Pre-processing slow for Subtask A on a dataset of 30,000 entries

pmarcis commented 6 years ago

Hi!

First, thanks for sharing the code!

I am trying to run the Subtask A on a different language (Latvian) dataset of ~30,000 entries, but the pre-processing takes now more than a day (and is stuck at 89% for over 8 hours). It seems that the disk usage is at 9% (why does it require so much disk I/O?), but the RAM usage is only at 1.5-3GB out of 16GB (i.e., there is plenty left). In terms of CPU, only one thread (out of 12) is used at 100%. I have my own word embedding file (from FastText). That is ~1.5GB large. Apart from that I just removed everything from the download directory, placed there the 30,000 dataset file (in the same format as the other files and also named as one of the training files), and replaced the contents of the test and gold files with a dataset of 1000 entries.

I have two questions: 1) Does the fact that there is English hard-coded in the (pre-processing) code mean that the solution won't support other languages out-of-the-box (i.e., without re-writing the pre-processing part)? I have pre-processed the data externally using my own tools. So ... all that I would expect to be done internally, would be splitting tokens on spaces. 2) What is the part that slows everything down so much and do you have an idea of whether it is reasonable to remove the part that is so slow?

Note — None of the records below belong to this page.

lemma det_scaled_vandermonde_nonzero:
  fixes c x :: "nat \<Rightarrow> 'a::field"
  assumes c: "\<And>i. i < n \<Longrightarrow> c i \<noteq> 0" and x: "inj_on x {..<n}"
  shows "det (mat n n (\<lambda>(i, j). c i * x i ^ j)) \<noteq> 0"
    (is "det ?V \<noteq> 0")
proof
  assume "det ?V = 0"
  then obtain u where u: "u \<in> carrier_vec n" "u \<noteq> 0\<^sub>v n" "?V *\<^sub>v u = 0\<^sub>v n"
    using det_0_iff_vec_prod_zero_field[of ?V n] by auto
  define U where "U = (\<Sum>j<n. monom (u $ j) j)"
  have coeff_U: "coeff U j = (if j < n then u $ j else 0)" for j
    unfolding U_def coeff_sum by (simp add: coeff_monom)
  have "poly U (x i) = 0" if "i < n" for i
  proof -
    have "c i * (\<Sum>j<n. u $ j * x i ^ j) = 0"
      using arg_cong[OF u(3), of "\<lambda>y. y $ i"] that u(1)
      by (simp add: mult_mat_vec_def scalar_prod_def lessThan_atLeast0 sum_distrib_left mult_ac)
    then show ?thesis
      using c[OF that] by (simp add: U_def poly_sum poly_monom)
  qed
  have "U = 0"
  proof (rule ccontr)
    assume "U \<noteq> 0"
    have "n = card (x ` {..<n})"
      using x by (simp add: card_image)
    also have "\<dots> \<le> card {y. poly U y = 0}"
      using \<open>U \<noteq> 0\<close> \<open>\<And>i. i < n \<Longrightarrow> poly U (x i) = 0\<close>
      by (intro card_mono poly_roots_finite) auto
    also have "\<dots> \<le> degree U"
      using \<open>U \<noteq> 0\<close> by (rule card_poly_roots_bound)
    finally have "n \<le> degree U" .
    then show False
      using \<open>U \<noteq> 0\<close> coeff_U[of "degree U"] by simp
  qed
  then have "u $ j = 0" if "j < n" for j
    using coeff_U[of j] that by simp
  then have "u = 0\<^sub>v n"
    using u(1) by (intro eq_vecI) auto
  with u(2) show False ..
qed

lemma sum_order_le_degree_on:
  assumes "p \<noteq> 0" and "finite X"
  shows "(\<Sum>x\<in>X. order x p) \<le> degree p"
proof -
  have "(\<Sum>x\<in>X. order x p) = (\<Sum>x\<in>X \<inter> {x. poly p x = 0}. order x p)"
    using assms(2) by (intro sum.mono_neutral_right) (auto simp: order_0I)
  also have "\<dots> \<le> (\<Sum>x | poly p x = 0. order x p)"
    using poly_roots_finite[OF assms(1)] by (intro sum_mono2) auto
  also have "\<dots> \<le> degree p"
    using assms(1) by (rule sum_order_le_degree)
  finally show ?thesis .
qed

definition dilation_matrix :: "'a::comm_ring_1 \<Rightarrow> nat \<Rightarrow> (nat \<Rightarrow> 'a poly) \<Rightarrow> 'a poly mat" where
  "dilation_matrix \<omega> n g = mat n n (\<lambda>(i, j). g i \<circ>\<^sub>p [:0, \<omega> ^ j:])"

lemma dilation_matrix_carrier: "dilation_matrix \<omega> n g \<in> carrier_mat n n"
  by (simp add: dilation_matrix_def)

lemma poly_dilation_matrix:
  "i < n \<Longrightarrow> j < n \<Longrightarrow> poly (dilation_matrix \<omega> n g $$ (i, j)) x = poly (g i) (\<omega> ^ j * x)"
  by (simp add: dilation_matrix_def poly_pcompose mult.commute)
lemma embeds_at_root_1243:
  "embeds_at_root (pat_tree [1,2,4,3]) =
     (\<lambda>S. \<exists>l a l2 b l3 c r3. S = Node l a (Node l2 b (Node l3 c r3)) \<and> l3 \<noteq> Leaf)"
  unfolding pat_tree_1243 by (auto simp: embeds_at_root_Node_iff neq_Leaf_iff fun_eq_iff)

lemma prefix_append_D: "D \<notin> set z \<Longrightarrow> prefix z (u @ D # v) \<longleftrightarrow> prefix z u"
  by (induction u arbitrary: z) (auto simp: prefix_Cons)

lemma sublist_append_D: "D \<notin> set z \<Longrightarrow> sublist z (u @ D # v) \<longleftrightarrow> sublist z u \<or> sublist z v"
proof (induction u)
  case Nil
  then show ?case
    by (cases z) (auto simp: sublist_Cons_right)
next
  case (Cons x u)
  then show ?case
    using prefix_append_D[OF Cons.prems, of "x # u" v] by (auto simp: sublist_Cons_right)
qed

lemma prefix_Cons_fpath:
  assumes "D \<notin> set zs"
  shows "prefix (U # zs) (fpath T) \<longleftrightarrow>
           (\<exists>l a r. T = Node l a r \<and> l \<noteq> Leaf \<and> r \<noteq> Leaf \<and> prefix zs (fpath r))"
    and "prefix (FR # zs) (fpath T) \<longleftrightarrow> (\<exists>a r. T = Node Leaf a r \<and> r \<noteq> Leaf \<and> prefix zs (fpath r))"
    and "prefix (FL # zs) (fpath T) \<longleftrightarrow> (\<exists>l a. T = Node l a Leaf \<and> l \<noteq> Leaf \<and> prefix zs (fpath l))"
  using assms by (cases T; auto simp: fpath_Node prefix_append_D)+

lemma sublist_fpath_Node:
  assumes "D \<notin> set z"
  shows "sublist z (fpath (Node l a r)) \<longleftrightarrow>
           prefix z (fpath (Node l a r)) \<or> sublist z (fpath l) \<or> sublist z (fpath r)"
  using assms by (auto simp: fpath_Node sublist_Cons_right sublist_append_D)

text \<open>A factor without down steps is a prefix of the path of some subtree.\<close>
lemma sublist_fpath_iff_has_subtree:
  assumes "\<forall>z\<in>Z. D \<notin> set z" and "\<And>S. (\<exists>z\<in>Z. prefix z (fpath S)) \<longleftrightarrow> g S"
  shows "(\<exists>z\<in>Z. sublist z (fpath T)) \<longleftrightarrow> has_subtree g T"
proof (induction T)
  case Leaf
  then show ?case
    using assms(2)[of Leaf] by simp
next
  case (Node l a r)
  then show ?case
    using assms sublist_fpath_Node by (metis has_subtree_Node)
qed

lemma sublist_fpath_2134:
  "(\<exists>z\<in>{[U,U], [U,FR]}. sublist z (fpath T)) \<longleftrightarrow> has_subtree (embeds_at_root (pat_tree [2,1,3,4])) T"
  by (rule sublist_fpath_iff_has_subtree, unfold embeds_at_root_2134)
    (auto simp: prefix_Cons_fpath)

lemma sublist_fpath_1324:
  "(\<exists>z\<in>{[U,U], [FR,U]}. sublist z (fpath T)) \<longleftrightarrow> has_subtree (embeds_at_root (pat_tree [1,3,2,4])) T"
  by (rule sublist_fpath_iff_has_subtree, unfold embeds_at_root_1324)
    (auto simp: prefix_Cons_fpath)

lemma sublist_fpath_1243:
  "(\<exists>z\<in>{[x,y,z] | x y z. x \<in> {U,FR} \<and> y \<in> {U,FR} \<and> z \<in> {U,FL}}. sublist z (fpath T)) \<longleftrightarrow>
     has_subtree (embeds_at_root (pat_tree [1,2,4,3])) T"
proof (rule sublist_fpath_iff_has_subtree, unfold embeds_at_root_1243)
  fix S :: "'a tree"
  show "(\<exists>z\<in>{[x,y,z] | x y z. x \<in> {U,FR} \<and> y \<in> {U,FR} \<and> z \<in> {U,FL}}. prefix z (fpath S)) \<longleftrightarrow>
          (\<exists>l a l2 b l3 c r3. S = Node l a (Node l2 b (Node l3 c r3)) \<and> l3 \<noteq> Leaf)"
  proof
    assume "\<exists>l a l2 b l3 c r3. S = Node l a (Node l2 b (Node l3 c r3)) \<and> l3 \<noteq> Leaf"
    then obtain l a l2 b l3 c r3 where "S = Node l a (Node l2 b (Node l3 c r3))" "l3 \<noteq> Leaf"
      by blast
    then have "prefix [if l = Leaf then FR else U, if l2 = Leaf then FR else U,
                       if r3 = Leaf then FL else U] (fpath S)"
      by (cases "l = Leaf"; cases "l2 = Leaf"; cases "r3 = Leaf") (auto simp: fpath_Node)
    then show "\<exists>z\<in>{[x,y,z] | x y z. x \<in> {U,FR} \<and> y \<in> {U,FR} \<and> z \<in> {U,FL}}. prefix z (fpath S)"
      by (rule bexI) auto
  next
    assume "\<exists>z\<in>{[x,y,z] | x y z. x \<in> {U,FR} \<and> y \<in> {U,FR} \<and> z \<in> {U,FL}}. prefix z (fpath S)"
    then obtain x y z where "x \<in> {U,FR}" "y \<in> {U,FR}" "z \<in> {U,FL}" "prefix [x,y,z] (fpath S)"
      by blast
    then show "\<exists>l a l2 b l3 c r3. S = Node l a (Node l2 b (Node l3 c r3)) \<and> l3 \<noteq> Leaf"
      by (auto simp: prefix_Cons_fpath)
  qed
qed auto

cbaziotis commented 6 years ago

Hi @pmarcis, Can you please check if there is a token with an unusual large length in your dataset? In the past I have encountered a similar problem, where there was a token in my dataset consisting of 150+ characters. I assume that this issue has to do with ekphrasis (regex pattern matching).

Since you use your own preprocessing pipeline, you can just override my own and feed the data to the model yourself.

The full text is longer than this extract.